HOW TO COMPLETE THIS TASK:
For each line in the material below that holds "inter", copy that line.

INFORMATION:
-----

(* If $L$ is a regular language, then ${\rm bdi}(L)$ is regular.
   Context: For a word $w=a_1\cdots a_n$, ${\rm fh}(w)=a_1\cdots a_{\lfloor n/2\rfloor}$ and ${\rm lh}(w)=a_{\lfloor n/2\rfloor+1}\cdots a_n$. For words $x=a_1\cdots a_m$ and $y=b_1\cdots b_m$ the perfect shuffle is $x\,\text{sh}\,y=a_1b_1\cdots a_mb_m$, and if $y=b_1\cdots b_{m+1}$ has length $m+1$ then $x\,\text{sh}\,y=a_1b_1\cdots a_mb_mb_{m+1}$. ${\rm bdi}(w)={\rm fh}(w)\,\text{sh}\,{\rm lh}(w)$ and ${\rm bdi}(L)=\{{\rm bdi}(w):w\in L\}$. *)

theory Defs
  imports Main
begin

definition regular :: "'a list set \<Rightarrow> bool" where
  "regular L \<longleftrightarrow>
     (\<exists>(\<Sigma>::'a set) (Q::nat set) (\<delta>::nat \<Rightarrow> 'a \<Rightarrow> nat) q0 F.
        finite \<Sigma> \<and> finite Q \<and> q0 \<in> Q \<and> F \<subseteq> Q \<and>
        (\<forall>q\<in>Q. \<forall>a\<in>\<Sigma>. \<delta> q a \<in> Q) \<and>
        L = {w. w \<in> lists \<Sigma> \<and> foldl \<delta> q0 w \<in> F})"

definition fh :: "'a list \<Rightarrow> 'a list" where
  "fh w = take (length w div 2) w"

definition lh :: "'a list \<Rightarrow> 'a list" where
  "lh w = drop (length w div 2) w"

text \<open>Perfect shuffle; only used when length ys = length xs or length xs + 1.\<close>
fun psh :: "'a list \<Rightarrow> 'a list \<Rightarrow> 'a list" where
  "psh [] ys = ys"
| "psh (x # xs) [] = x # xs"
| "psh (x # xs) (y # ys) = x # y # psh xs ys"

definition bdi :: "'a list \<Rightarrow> 'a list" where
  "bdi w = psh (fh w) (lh w)"

definition bdi_lang :: "'a list set \<Rightarrow> 'a list set" where
  "bdi_lang L = bdi ` L"

end

theory Submission
  imports Defs "HOL-Library.FuncSet"
begin

text \<open>
  Split a word w as u v (even length) or u v b (odd length) with
  |u| = |v|; then bdi w is the perfect shuffle of u and v, followed by b in the
  odd case.  Reading bdi w, a deterministic automaton can therefore advance a
  copy of the given DFA on the letters of u (odd positions), while for the
  letters of v (even positions) it cannot know the state reached after u, so it
  tracks the whole transition map p \<mapsto> \<delta>*(p, v) restricted to the finite state
  set Q.  A third component buffers the last odd-position letter until its
  partner arrives; at the end the buffered letter, if any, is the trailing b.
  The theorem then follows since every word is of the form bdi w.
\<close>

lemma foldl_closed:
  assumes "\<forall>q\<in>Q. \<forall>a\<in>\<Sigma>. \<delta> q a \<in> Q" "q \<in> Q" "w \<in> lists \<Sigma>"
  shows "foldl \<delta> q w \<in> Q"
  using assms(2,3) by (induction w arbitrary: q) (auto simp: assms(1))

text \<open>A language accepted by a DFA with finitely many states of any type is
  regular: the states are renumbered injectively into an initial segment of
  the naturals.  Final states outside Q are irrelevant since runs stay in Q.\<close>
lemma regular_by_automaton:
  fixes \<Sigma> :: "'a set" and Q :: "'q set" and \<delta> :: "'q \<Rightarrow> 'a \<Rightarrow> 'q"
  assumes fin: "finite \<Sigma>" "finite Q" and q0: "q0 \<in> Q"
    and cl: "\<forall>q\<in>Q. \<forall>a\<in>\<Sigma>. \<delta> q a \<in> Q"
    and L: "L = {w. w \<in> lists \<Sigma> \<and> foldl \<delta> q0 w \<in> F}"
  shows "regular L"
proof -
  obtain h :: "'q \<Rightarrow> nat" and n where "h ` Q = {i. i < n}" and inj: "inj_on h Q"
    using finite_imp_inj_to_nat_seg[OF fin(2)] by blast
  define \<delta>' where "\<delta>' = (\<lambda>i a. h (\<delta> (inv_into Q h i) a))"
  have inv: "inv_into Q h (h q) = q" if "q \<in> Q" for q
    using inj that by simp
  have run: "foldl \<delta>' (h q) w = h (foldl \<delta> q w)" if "q \<in> Q" "w \<in> lists \<Sigma>" for q w
    using that
  proof (induction w arbitrary: q)
    case (Cons a w)
    then have "\<delta> q a \<in> Q" using cl by auto
    then show ?case using Cons inv by (simp add: \<delta>'_def)
  qed simp
  have accept: "foldl \<delta>' (h q0) w \<in> h ` (F \<inter> Q) \<longleftrightarrow> foldl \<delta> q0 w \<in> F"
    if "w \<in> lists \<Sigma>" for w
    using run[OF q0 that] foldl_closed[OF cl q0 that] inj
    by (auto simp: inj_on_image_mem_iff)
  have "finite (h ` Q)" "h q0 \<in> h ` Q" "h ` (F \<inter> Q) \<subseteq> h ` Q"
    using fin q0 by auto
  moreover have "\<forall>i\<in>h ` Q. \<forall>a\<in>\<Sigma>. \<delta>' i a \<in> h ` Q"
    using cl inv by (auto simp: \<delta>'_def)
  moreover have "L = {w. w \<in> lists \<Sigma> \<and> foldl \<delta>' (h q0) w \<in> h ` (F \<inter> Q)}"
    using L accept by auto
  ultimately show ?thesis
    unfolding regular_def using fin(1) by blast
qed

lemma set_psh: "set (psh xs ys) = set xs \<union> set ys"
  by (induction xs ys rule: psh.induct) auto

lemma psh_snoc: "length u = length v \<Longrightarrow> psh u (v @ [b]) = psh u v @ [b]"
  by (induction u v rule: list_induct2) auto

lemma psh_decomposition:
  "\<exists>u v. length u = length v \<and> (z = psh u v \<or> (\<exists>b. z = psh u v @ [b]))"
proof (induction z rule: induct_list012)
  case (3 x y zs)
  then obtain u v where "length u = length v" "zs = psh u v \<or> (\<exists>b. zs = psh u v @ [b])"
    by blast
  then show ?case by (intro exI[of _ "x # u"] exI[of _ "y # v"]) auto
qed (auto intro: exI[of _ "[]"])

lemma bdi_even: "length u = length v \<Longrightarrow> bdi (u @ v) = psh u v"
  by (simp add: bdi_def fh_def lh_def)

lemma bdi_odd: "length u = length v \<Longrightarrow> bdi (u @ v @ [b]) = psh u v @ [b]"
  by (simp add: bdi_def fh_def lh_def psh_snoc)

lemma bdi_cases:
  obtains u v where "length u = length v" "w = u @ v"
  | u v b where "length u = length v" "w = u @ v @ [b]"
proof (cases "even (length w)")
  case True
  let ?u = "take (length w div 2) w" and ?v = "drop (length w div 2) w"
  have "length ?u = length ?v" using True by auto
  then show ?thesis using that(1)[of ?u ?v] by simp
next
  case False
  let ?u = "take (length w div 2) w" and ?v = "drop (length w div 2) w"
  have "length ?v = length ?u + 1" using False by (auto elim: oddE)
  then obtain v b where vb: "?v = v @ [b]"
    by (metis Suc_eq_plus1 length_Suc_conv_rev)
  then have "length ?u = length v" "w = ?u @ v @ [b]"
    using \<open>length ?v = length ?u + 1\<close> by (simp, metis append_take_drop_id)
  then show ?thesis using that(2) by blast
qed

lemma set_bdi: "set (bdi w) = set w"
  by (cases w rule: bdi_cases) (auto simp: bdi_even bdi_odd set_psh)

lemma bdi_surj: "\<exists>w. bdi w = z"
  using psh_decomposition[of z] bdi_even bdi_odd by metis

text \<open>A state (q, g, c) records the DFA state q reached on the odd-position
  letters, the map g = (p \<mapsto> \<delta>*(p, v)) on Q for the even-position letters v, and
  the buffered odd-position letter c still waiting for its partner.\<close>
type_synonym ('q, 'a) track_state = "'q \<times> ('q \<Rightarrow> 'q) \<times> 'a option"

definition track_step :: "('q \<Rightarrow> 'a \<Rightarrow> 'q) \<Rightarrow> 'q set \<Rightarrow> ('q, 'a) track_state \<Rightarrow> 'a
    \<Rightarrow> ('q, 'a) track_state" where
  "track_step \<delta> Q s c = (case s of
      (q, g, None) \<Rightarrow> (q, g, Some c)
    | (q, g, Some a) \<Rightarrow> (\<delta> q a, restrict (\<lambda>p. \<delta> (g p) c) Q, None))"

definition track_start :: "'q set \<Rightarrow> 'q \<Rightarrow> ('q, 'a) track_state" where
  "track_start Q q0 = (q0, restrict id Q, None)"

definition track_final :: "('q \<Rightarrow> 'a \<Rightarrow> 'q) \<Rightarrow> 'q set \<Rightarrow> ('q, 'a) track_state set" where
  "track_final \<delta> F = {s. case s of
      (q, g, None) \<Rightarrow> g q \<in> F
    | (q, g, Some a) \<Rightarrow> \<delta> (g q) a \<in> F}"

definition track_states :: "'q set \<Rightarrow> 'a set \<Rightarrow> ('q, 'a) track_state set" where
  "track_states Q \<Sigma> = Q \<times> (Q \<rightarrow>\<^sub>E Q) \<times> insert None (Some ` \<Sigma>)"

lemma finite_track_states: "finite Q \<Longrightarrow> finite \<Sigma> \<Longrightarrow> finite (track_states Q \<Sigma>)"
  by (simp add: track_states_def finite_PiE)

lemma track_start_in_states: "q0 \<in> Q \<Longrightarrow> track_start Q q0 \<in> track_states Q \<Sigma>"
  by (auto simp: track_start_def track_states_def)

lemma track_step_closed:
  "\<forall>q\<in>Q. \<forall>a\<in>\<Sigma>. \<delta> q a \<in> Q \<Longrightarrow> \<forall>s\<in>track_states Q \<Sigma>. \<forall>c\<in>\<Sigma>. track_step \<delta> Q s c \<in> track_states Q \<Sigma>"
  by (auto simp: track_states_def track_step_def PiE_def Pi_def)

lemma track_run_psh:
  "length u = length v \<Longrightarrow>
   foldl (track_step \<delta> Q) (q, restrict h Q, None) (psh u v) =
     (foldl \<delta> q u, restrict (\<lambda>p. foldl \<delta> (h p) v) Q, None)"
proof (induction u v arbitrary: q h rule: list_induct2)
  case (Cons x u y v)
  have "restrict (\<lambda>p. \<delta> (restrict h Q p) y) Q = restrict (\<lambda>p. \<delta> (h p) y) Q"
    by (auto simp: restrict_def)
  then have "track_step \<delta> Q (track_step \<delta> Q (q, restrict h Q, None) x) y
      = (\<delta> q x, restrict (\<lambda>p. \<delta> (h p) y) Q, None)"
    by (simp only: track_step_def prod.case option.case)
  then show ?case using Cons.IH[of "\<delta> q x" "\<lambda>p. \<delta> (h p) y"]
    by (simp only: psh.simps foldl_Cons)
qed simp

lemma track_accepts_bdi:
  assumes cl: "\<forall>q\<in>Q. \<forall>a\<in>\<Sigma>. \<delta> q a \<in> Q" and q0: "q0 \<in> Q" and w: "w \<in> lists \<Sigma>"
  shows "foldl (track_step \<delta> Q) (track_start Q q0) (bdi w) \<in> track_final \<delta> F
    \<longleftrightarrow> foldl \<delta> q0 w \<in> F"
proof -
  have run: "foldl (track_step \<delta> Q) (track_start Q q0) (psh u v)
      = (foldl \<delta> q0 u, restrict (\<lambda>p. foldl \<delta> p v) Q, None)"
    if "length u = length v" for u v
    using track_run_psh[OF that, of \<delta> Q q0 id] by (simp add: track_start_def)
  show ?thesis
  proof (cases w rule: bdi_cases)
    case (1 u v)
    have "foldl \<delta> q0 u \<in> Q" using foldl_closed[OF cl q0] w 1(2) by simp
    then show ?thesis using run[OF 1(1)] by (simp add: 1(2) bdi_even[OF 1(1)] track_final_def)
  next
    case (2 u v b)
    have "foldl \<delta> q0 u \<in> Q" using foldl_closed[OF cl q0] w 2(2) by simp
    then show ?thesis using run[OF 2(1)]
      by (simp add: 2(2) bdi_odd[OF 2(1)] track_final_def track_step_def)
  qed
qed

text \<open>Hence the two-track automaton recognises the bdi-image of the language;
  surjectivity of bdi provides a preimage of every accepted word.\<close>
lemma bdi_lang_track:
  assumes "\<forall>q\<in>Q. \<forall>a\<in>\<Sigma>. \<delta> q a \<in> Q" "q0 \<in> Q"
  shows "bdi_lang {w. w \<in> lists \<Sigma> \<and> foldl \<delta> q0 w \<in> F}
    = {z. z \<in> lists \<Sigma> \<and> foldl (track_step \<delta> Q) (track_start Q q0) z \<in> track_final \<delta> F}"
    (is "_ = ?T")
proof
  show "bdi_lang {w. w \<in> lists \<Sigma> \<and> foldl \<delta> q0 w \<in> F} \<subseteq> ?T"
    using track_accepts_bdi[OF assms] by (auto simp: bdi_lang_def in_lists_conv_set set_bdi)
next
  show "?T \<subseteq> bdi_lang {w. w \<in> lists \<Sigma> \<and> foldl \<delta> q0 w \<in> F}"
  proof
    fix z assume z: "z \<in> ?T"
    obtain w where w: "bdi w = z" using bdi_surj by metis
    have wl: "w \<in> lists \<Sigma>" using z w set_bdi[of w] by (auto simp: in_lists_conv_set)
    moreover have "foldl \<delta> q0 w \<in> F" using z w track_accepts_bdi[OF assms wl] by simp
    ultimately show "z \<in> bdi_lang {w. w \<in> lists \<Sigma> \<and> foldl \<delta> q0 w \<in> F}"
      using w by (auto simp: bdi_lang_def)
  qed
qed

theorem mainTheorem13:
  fixes L :: "'a list set"
  assumes "regular L"
  shows "regular (bdi_lang L)"
proof -
  obtain \<Sigma> :: "'a set" and Q :: "nat set" and \<delta> q0 F where
    fin: "finite \<Sigma>" "finite Q" and q0: "q0 \<in> Q"
    and cl: "\<forall>q\<in>Q. \<forall>a\<in>\<Sigma>. \<delta> q a \<in> Q"
    and L: "L = {w. w \<in> lists \<Sigma> \<and> foldl \<delta> q0 w \<in> F}"
    using assms unfolding regular_def by blast
  show ?thesis
    using regular_by_automaton[OF fin(1) finite_track_states[OF fin(2,1)]
        track_start_in_states[OF q0] track_step_closed[OF cl] bdi_lang_track[OF cl q0]]
    by (simp add: L)
qed

end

-----

RESPONSE:
  have accept: "foldl \<delta>' (h q0) w \<in> h ` (F \<inter> Q) \<longleftrightarrow> foldl \<delta> q0 w \<in> F"
  have "finite (h ` Q)" "h q0 \<in> h ` Q" "h ` (F \<inter> Q) \<subseteq> h ` Q"
  moreover have "L = {w. w \<in> lists \<Sigma> \<and> foldl \<delta>' (h q0) w \<in> h ` (F \<inter> Q)}"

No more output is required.